▶ EXERCISE DESCRIPTION
Pick each line containing the word "otimes" out of the data below.

*** THE RECORDS Section Begins ***

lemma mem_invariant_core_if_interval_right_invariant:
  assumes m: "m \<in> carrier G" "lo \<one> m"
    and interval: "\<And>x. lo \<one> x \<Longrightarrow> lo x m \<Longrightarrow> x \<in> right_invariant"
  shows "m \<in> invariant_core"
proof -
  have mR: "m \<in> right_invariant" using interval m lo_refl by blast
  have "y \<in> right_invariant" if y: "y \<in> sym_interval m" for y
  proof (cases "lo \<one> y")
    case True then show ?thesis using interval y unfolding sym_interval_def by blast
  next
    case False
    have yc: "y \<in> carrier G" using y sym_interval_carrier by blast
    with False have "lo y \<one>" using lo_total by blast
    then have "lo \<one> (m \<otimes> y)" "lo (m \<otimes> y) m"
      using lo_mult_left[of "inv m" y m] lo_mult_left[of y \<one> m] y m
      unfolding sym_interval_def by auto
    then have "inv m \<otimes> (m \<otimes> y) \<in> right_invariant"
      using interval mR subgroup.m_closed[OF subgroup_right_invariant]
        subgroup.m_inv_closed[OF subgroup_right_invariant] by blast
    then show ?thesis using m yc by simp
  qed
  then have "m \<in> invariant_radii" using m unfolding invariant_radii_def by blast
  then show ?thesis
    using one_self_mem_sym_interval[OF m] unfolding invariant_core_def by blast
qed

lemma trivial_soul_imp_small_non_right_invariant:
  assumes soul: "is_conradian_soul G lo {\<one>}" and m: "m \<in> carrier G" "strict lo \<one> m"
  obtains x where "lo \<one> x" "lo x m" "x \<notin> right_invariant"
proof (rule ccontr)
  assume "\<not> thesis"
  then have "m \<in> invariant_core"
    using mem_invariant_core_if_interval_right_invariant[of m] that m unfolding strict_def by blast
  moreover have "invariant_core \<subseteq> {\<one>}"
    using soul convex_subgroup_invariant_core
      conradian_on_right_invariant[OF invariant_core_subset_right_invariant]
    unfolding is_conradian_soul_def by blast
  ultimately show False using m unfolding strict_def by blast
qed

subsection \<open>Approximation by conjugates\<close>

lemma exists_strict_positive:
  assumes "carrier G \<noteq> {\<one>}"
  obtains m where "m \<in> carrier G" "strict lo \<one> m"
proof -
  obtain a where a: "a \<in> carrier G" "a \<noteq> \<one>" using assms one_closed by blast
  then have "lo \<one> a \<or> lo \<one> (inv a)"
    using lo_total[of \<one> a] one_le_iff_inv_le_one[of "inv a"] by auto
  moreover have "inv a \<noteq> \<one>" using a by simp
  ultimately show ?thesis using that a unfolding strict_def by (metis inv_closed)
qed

*** THE RECORDS Section Ends ***
*** THE RECORDS Section Begins ***

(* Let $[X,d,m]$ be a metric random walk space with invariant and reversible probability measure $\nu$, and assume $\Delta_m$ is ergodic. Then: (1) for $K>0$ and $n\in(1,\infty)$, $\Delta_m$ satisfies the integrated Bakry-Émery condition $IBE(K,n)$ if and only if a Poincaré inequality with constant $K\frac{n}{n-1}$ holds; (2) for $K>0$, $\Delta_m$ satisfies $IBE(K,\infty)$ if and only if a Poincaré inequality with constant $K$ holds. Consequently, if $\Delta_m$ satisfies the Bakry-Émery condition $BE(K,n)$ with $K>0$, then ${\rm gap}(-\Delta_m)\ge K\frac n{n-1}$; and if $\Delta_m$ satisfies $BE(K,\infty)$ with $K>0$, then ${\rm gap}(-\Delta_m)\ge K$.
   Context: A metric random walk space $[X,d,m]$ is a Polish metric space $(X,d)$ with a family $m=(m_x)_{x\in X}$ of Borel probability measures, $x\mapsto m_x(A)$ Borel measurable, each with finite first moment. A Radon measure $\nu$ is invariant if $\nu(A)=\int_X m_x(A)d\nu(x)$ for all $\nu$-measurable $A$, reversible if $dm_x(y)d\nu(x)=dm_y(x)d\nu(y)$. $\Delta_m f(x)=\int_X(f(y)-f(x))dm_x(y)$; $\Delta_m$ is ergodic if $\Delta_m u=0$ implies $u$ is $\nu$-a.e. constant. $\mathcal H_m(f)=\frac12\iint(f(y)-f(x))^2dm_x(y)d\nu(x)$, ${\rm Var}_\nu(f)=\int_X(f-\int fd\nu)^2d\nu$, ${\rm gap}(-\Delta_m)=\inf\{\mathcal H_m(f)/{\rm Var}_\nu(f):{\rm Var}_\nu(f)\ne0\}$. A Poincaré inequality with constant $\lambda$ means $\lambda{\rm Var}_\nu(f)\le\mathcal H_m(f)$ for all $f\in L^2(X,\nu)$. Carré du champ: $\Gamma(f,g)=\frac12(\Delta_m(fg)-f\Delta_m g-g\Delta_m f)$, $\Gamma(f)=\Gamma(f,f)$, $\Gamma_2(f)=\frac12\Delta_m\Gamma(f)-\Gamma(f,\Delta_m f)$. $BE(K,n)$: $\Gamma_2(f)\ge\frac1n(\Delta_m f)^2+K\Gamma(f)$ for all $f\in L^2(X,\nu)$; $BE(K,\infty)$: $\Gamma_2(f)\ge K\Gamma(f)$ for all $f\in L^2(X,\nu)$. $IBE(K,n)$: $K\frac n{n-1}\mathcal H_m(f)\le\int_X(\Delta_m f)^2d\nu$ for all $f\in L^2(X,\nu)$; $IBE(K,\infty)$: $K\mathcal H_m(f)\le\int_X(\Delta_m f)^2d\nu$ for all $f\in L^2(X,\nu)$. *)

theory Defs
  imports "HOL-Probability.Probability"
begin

*** THE RECORDS Section Ends ***

▶ ANSWER SPACE
    then have "lo \<one> (m \<otimes> y)" "lo (m \<otimes> y) m"
    then have "inv m \<otimes> (m \<otimes> y) \<in> right_invariant"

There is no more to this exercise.